It only took moments for a boy to find his way into a US zoo’s gorilla enclosure on the weekend, sparking an incident which led to the killing of the endangered animal, according to a witness.
Kimberley Perkins-O’Conor told CNN she was at the Cincinnati Zoo’s gorilla enclosure when the incident began and heard the three-year-old boy joking with his mother about going into the enclosure’s moat.
She said the boy got in while the mother was briefly distracted by other children who were with her.
“All of a sudden you heard a splash and an older gentleman started yelling ‘there’s a child in there, there’s a child’ and everyone started screaming,” she said.
“The larger gorilla was attracted to the screaming and he just came barrelling to the edge of the moat and then realised what’s going on.”

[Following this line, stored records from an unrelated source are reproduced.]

lemma countable_not_above_omega1:
  assumes "\<beta> \<in> Field omega1"
  shows "countable {\<alpha> \<in> Field omega1. (\<beta>, \<alpha>) \<notin> omega1}"
proof (rule countable_subset)
  have wo: "wo_rel omega1"
    unfolding wo_rel_def by (rule card_order_on_well_order_on[OF Card_order_omega1])
  show "{\<alpha> \<in> Field omega1. (\<beta>, \<alpha>) \<notin> omega1} \<subseteq> underS omega1 \<beta>"
  proof
    fix \<alpha> assume "\<alpha> \<in> {\<alpha> \<in> Field omega1. (\<beta>, \<alpha>) \<notin> omega1}"
    then have "(\<beta>, \<alpha>) \<notin> omega1" "\<alpha> \<in> Field omega1" by auto
    moreover have "(\<beta>, \<beta>) \<in> omega1"
      using assms wo_rel.REFL[OF wo] by (simp add: refl_on_def)
    moreover have "(\<alpha>, \<beta>) \<in> omega1"
      using wo_rel.in_notinI[OF wo] assms calculation by blast
    ultimately show "\<alpha> \<in> underS omega1 \<beta>" unfolding underS_def by auto
  qed
qed (rule countable_underS_omega1)

lemma card_of_image_Field_omega1:
  assumes "\<And>s. countable {\<alpha> \<in> Field omega1. x \<alpha> = s}"
  shows "|x ` Field omega1| =o omega1"
proof -
  have "\<not> countable (x ` Field omega1)"
  proof
    assume "countable (x ` Field omega1)"
    then have "countable (\<Union>s \<in> x ` Field omega1. {\<alpha> \<in> Field omega1. x \<alpha> = s})"
      using assms by blast
    moreover have "Field omega1 \<subseteq> (\<Union>s \<in> x ` Field omega1. {\<alpha> \<in> Field omega1. x \<alpha> = s})"
      by blast
    ultimately have "countable (Field omega1)" by (rule countable_subset[rotated])
    then show False using uncountable_if_ordIso_omega1[OF card_of_Field_omega1] by blast
  qed
  then have "omega1 \<le>o |x ` Field omega1|" by (simp add: uncountable_iff_omega1_ordLeq)
  moreover have "|x ` Field omega1| \<le>o omega1"
    using card_of_image card_of_Field_omega1 ordLeq_ordIso_trans by blast
  ultimately show ?thesis by (simp add: ordIso_iff_ordLeq)
qed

She said the gorilla, a 200 kilogram animal named Harambe, did not initially act aggressively towards the boy and instead appeared to be “helping him”.
“He dragged the child a little further down into the moat and he … almost looked like he was helping him, pulled his pants up, stood him up, and then all of the sudden everybody started screaming again, and he pulled him completely out,” she said.
Ms Perkins-O’Conor told CNN the screams of those watching on seemed to agitate the animal.
“I saw him again later, once he was on top of the habitat, dragging the boy, pulling him underneath him. It was not a good scene,” she said.